## Items from a data source
Content starts

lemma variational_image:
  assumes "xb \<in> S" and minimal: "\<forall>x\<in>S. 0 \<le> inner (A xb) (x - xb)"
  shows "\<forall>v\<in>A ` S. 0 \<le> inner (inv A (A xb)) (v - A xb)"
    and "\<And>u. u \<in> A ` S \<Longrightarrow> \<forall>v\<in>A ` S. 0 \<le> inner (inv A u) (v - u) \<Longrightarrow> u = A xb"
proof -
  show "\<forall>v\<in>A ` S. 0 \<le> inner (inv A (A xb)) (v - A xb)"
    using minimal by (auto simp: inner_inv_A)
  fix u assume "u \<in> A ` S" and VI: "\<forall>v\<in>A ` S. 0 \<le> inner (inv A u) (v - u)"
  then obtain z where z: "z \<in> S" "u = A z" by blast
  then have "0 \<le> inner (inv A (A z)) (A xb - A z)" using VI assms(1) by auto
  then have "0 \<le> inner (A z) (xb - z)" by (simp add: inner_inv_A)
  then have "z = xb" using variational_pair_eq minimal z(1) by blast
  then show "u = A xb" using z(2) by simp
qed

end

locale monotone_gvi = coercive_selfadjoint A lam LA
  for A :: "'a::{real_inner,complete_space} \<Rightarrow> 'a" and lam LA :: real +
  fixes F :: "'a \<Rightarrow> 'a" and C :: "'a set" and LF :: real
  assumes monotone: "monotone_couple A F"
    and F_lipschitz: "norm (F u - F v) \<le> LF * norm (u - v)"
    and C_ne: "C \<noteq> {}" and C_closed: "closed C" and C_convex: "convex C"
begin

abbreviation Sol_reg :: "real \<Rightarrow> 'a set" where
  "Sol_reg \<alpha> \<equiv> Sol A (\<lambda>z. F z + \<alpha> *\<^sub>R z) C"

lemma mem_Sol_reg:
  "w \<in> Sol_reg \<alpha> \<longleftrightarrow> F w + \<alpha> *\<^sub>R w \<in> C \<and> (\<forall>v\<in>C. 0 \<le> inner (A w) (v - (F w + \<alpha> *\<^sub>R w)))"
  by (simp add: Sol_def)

Content ends
Content starts

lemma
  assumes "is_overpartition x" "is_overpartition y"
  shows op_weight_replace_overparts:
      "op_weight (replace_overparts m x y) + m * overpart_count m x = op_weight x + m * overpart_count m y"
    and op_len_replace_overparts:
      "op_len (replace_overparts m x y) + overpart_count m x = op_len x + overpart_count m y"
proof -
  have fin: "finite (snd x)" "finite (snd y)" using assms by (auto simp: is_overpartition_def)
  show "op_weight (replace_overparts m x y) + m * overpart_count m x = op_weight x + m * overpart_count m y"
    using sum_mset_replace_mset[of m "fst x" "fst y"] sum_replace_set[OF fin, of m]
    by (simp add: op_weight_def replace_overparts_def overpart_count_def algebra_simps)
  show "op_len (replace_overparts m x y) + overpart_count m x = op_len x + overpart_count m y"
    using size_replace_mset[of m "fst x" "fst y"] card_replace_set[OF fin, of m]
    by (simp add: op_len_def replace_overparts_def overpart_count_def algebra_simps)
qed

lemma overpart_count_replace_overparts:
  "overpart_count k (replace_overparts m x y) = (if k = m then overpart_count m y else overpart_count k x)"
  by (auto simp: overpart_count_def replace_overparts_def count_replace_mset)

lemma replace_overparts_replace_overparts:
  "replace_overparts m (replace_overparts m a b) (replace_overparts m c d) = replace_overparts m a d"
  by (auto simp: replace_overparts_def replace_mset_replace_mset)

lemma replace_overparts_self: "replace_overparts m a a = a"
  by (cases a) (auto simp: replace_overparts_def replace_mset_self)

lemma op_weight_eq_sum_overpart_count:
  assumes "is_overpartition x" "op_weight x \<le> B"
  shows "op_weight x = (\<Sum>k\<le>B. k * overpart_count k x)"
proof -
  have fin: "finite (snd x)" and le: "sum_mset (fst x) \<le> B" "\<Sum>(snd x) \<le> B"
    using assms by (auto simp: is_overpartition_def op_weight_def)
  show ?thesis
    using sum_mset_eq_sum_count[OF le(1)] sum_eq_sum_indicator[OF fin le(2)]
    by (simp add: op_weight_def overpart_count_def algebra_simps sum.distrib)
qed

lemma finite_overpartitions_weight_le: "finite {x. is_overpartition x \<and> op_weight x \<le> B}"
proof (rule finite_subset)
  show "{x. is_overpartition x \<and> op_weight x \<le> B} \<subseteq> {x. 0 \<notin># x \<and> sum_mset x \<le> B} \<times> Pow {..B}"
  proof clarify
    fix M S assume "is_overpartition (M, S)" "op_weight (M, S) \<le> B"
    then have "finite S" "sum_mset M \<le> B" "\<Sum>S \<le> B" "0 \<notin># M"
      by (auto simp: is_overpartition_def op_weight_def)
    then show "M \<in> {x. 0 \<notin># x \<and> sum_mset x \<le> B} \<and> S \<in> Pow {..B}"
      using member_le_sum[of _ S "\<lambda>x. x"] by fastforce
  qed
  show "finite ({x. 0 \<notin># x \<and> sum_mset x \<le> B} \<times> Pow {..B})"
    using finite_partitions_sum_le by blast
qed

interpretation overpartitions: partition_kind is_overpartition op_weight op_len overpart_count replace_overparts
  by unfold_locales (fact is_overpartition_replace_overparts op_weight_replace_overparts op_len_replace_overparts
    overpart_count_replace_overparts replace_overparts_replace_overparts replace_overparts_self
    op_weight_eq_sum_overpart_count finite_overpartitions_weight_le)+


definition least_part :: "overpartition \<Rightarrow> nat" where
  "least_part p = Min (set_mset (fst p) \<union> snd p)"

Content ends
Content starts

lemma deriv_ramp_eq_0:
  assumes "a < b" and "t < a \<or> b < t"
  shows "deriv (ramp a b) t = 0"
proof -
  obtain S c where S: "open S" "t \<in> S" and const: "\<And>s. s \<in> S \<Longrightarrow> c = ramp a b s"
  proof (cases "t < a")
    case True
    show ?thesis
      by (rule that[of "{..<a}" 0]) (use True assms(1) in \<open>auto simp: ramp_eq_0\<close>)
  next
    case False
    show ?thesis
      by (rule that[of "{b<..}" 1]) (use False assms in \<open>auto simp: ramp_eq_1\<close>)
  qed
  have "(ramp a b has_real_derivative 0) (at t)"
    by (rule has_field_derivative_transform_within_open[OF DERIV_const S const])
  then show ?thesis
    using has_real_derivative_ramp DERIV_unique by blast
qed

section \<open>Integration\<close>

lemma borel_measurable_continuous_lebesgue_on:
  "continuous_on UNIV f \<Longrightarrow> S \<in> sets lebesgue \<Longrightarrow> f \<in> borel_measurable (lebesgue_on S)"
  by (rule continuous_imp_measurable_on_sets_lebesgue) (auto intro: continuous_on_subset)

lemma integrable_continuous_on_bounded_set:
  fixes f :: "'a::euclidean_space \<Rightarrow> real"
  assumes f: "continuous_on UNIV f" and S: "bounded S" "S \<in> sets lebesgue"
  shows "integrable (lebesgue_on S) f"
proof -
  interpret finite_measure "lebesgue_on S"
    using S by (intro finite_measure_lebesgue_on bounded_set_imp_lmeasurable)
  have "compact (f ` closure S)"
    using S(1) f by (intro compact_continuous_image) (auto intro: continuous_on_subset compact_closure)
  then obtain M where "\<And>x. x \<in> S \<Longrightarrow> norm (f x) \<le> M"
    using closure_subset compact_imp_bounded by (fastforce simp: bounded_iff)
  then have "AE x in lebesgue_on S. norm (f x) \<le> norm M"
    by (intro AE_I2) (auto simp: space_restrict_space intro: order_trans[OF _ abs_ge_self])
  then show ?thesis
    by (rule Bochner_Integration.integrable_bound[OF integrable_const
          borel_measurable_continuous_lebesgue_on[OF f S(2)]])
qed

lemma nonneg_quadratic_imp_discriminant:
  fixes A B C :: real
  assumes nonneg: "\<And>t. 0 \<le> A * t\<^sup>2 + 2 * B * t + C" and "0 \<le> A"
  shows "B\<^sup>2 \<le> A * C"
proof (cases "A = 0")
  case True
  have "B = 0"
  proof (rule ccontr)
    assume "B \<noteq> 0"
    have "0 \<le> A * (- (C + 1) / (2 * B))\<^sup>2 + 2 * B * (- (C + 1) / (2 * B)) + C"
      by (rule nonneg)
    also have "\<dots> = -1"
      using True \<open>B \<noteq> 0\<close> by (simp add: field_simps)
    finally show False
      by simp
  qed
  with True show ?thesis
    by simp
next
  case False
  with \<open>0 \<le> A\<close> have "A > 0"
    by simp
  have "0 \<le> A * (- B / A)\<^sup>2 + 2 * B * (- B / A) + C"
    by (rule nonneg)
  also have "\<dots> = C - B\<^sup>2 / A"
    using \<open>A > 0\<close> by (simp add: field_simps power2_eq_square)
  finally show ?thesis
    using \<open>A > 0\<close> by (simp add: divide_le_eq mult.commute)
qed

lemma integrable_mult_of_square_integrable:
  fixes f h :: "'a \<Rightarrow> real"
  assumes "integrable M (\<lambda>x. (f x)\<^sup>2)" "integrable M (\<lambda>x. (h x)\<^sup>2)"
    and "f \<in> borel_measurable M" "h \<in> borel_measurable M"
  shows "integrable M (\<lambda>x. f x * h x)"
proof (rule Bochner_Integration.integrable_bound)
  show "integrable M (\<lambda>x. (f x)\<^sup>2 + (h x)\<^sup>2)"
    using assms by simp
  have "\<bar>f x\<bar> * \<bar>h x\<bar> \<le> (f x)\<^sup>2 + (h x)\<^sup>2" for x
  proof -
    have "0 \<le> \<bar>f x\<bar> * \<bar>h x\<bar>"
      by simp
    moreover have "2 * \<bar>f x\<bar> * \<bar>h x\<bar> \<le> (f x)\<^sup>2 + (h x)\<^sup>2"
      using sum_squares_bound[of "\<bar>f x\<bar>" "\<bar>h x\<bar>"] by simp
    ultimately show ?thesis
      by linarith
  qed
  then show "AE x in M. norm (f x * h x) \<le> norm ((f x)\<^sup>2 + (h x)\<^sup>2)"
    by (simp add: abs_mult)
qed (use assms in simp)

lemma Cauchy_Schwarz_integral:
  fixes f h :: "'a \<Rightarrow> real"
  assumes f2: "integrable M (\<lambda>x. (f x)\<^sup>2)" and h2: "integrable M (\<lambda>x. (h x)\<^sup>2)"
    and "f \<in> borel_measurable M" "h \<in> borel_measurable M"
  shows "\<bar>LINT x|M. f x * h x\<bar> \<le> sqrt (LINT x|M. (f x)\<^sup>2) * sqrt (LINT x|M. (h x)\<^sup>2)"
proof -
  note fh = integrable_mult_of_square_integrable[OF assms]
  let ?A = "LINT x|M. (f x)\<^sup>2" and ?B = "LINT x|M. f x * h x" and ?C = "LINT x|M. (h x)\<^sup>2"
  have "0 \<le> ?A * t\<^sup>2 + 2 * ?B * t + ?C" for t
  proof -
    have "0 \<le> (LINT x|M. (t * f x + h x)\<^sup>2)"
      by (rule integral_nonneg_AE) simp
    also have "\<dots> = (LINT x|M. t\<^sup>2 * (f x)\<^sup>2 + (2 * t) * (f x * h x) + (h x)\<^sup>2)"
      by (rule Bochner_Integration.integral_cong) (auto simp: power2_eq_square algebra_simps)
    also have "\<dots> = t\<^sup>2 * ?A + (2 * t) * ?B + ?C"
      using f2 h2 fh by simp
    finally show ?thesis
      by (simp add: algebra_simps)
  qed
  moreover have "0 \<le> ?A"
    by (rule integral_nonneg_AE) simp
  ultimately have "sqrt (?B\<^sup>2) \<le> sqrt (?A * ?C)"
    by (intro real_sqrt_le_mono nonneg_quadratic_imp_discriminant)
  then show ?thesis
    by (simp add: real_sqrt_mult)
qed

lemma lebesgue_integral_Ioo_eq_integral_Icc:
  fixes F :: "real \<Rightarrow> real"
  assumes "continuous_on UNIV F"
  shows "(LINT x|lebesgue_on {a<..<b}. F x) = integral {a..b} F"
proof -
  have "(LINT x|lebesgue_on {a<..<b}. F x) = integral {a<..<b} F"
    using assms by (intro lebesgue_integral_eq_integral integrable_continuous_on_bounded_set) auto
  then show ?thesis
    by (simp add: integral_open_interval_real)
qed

Content ends

## TRY IT
Please find every line in the records that contains the word "obtain", and copy it out.

## SOLVED EXERCISE
  then obtain z where z: "z \<in> S" "u = A z" by blast
  obtain S c where S: "open S" "t \<in> S" and const: "\<And>s. s \<in> S \<Longrightarrow> c = ramp a b s"
  then obtain M where "\<And>x. x \<in> S \<Longrightarrow> norm (f x) \<le> M"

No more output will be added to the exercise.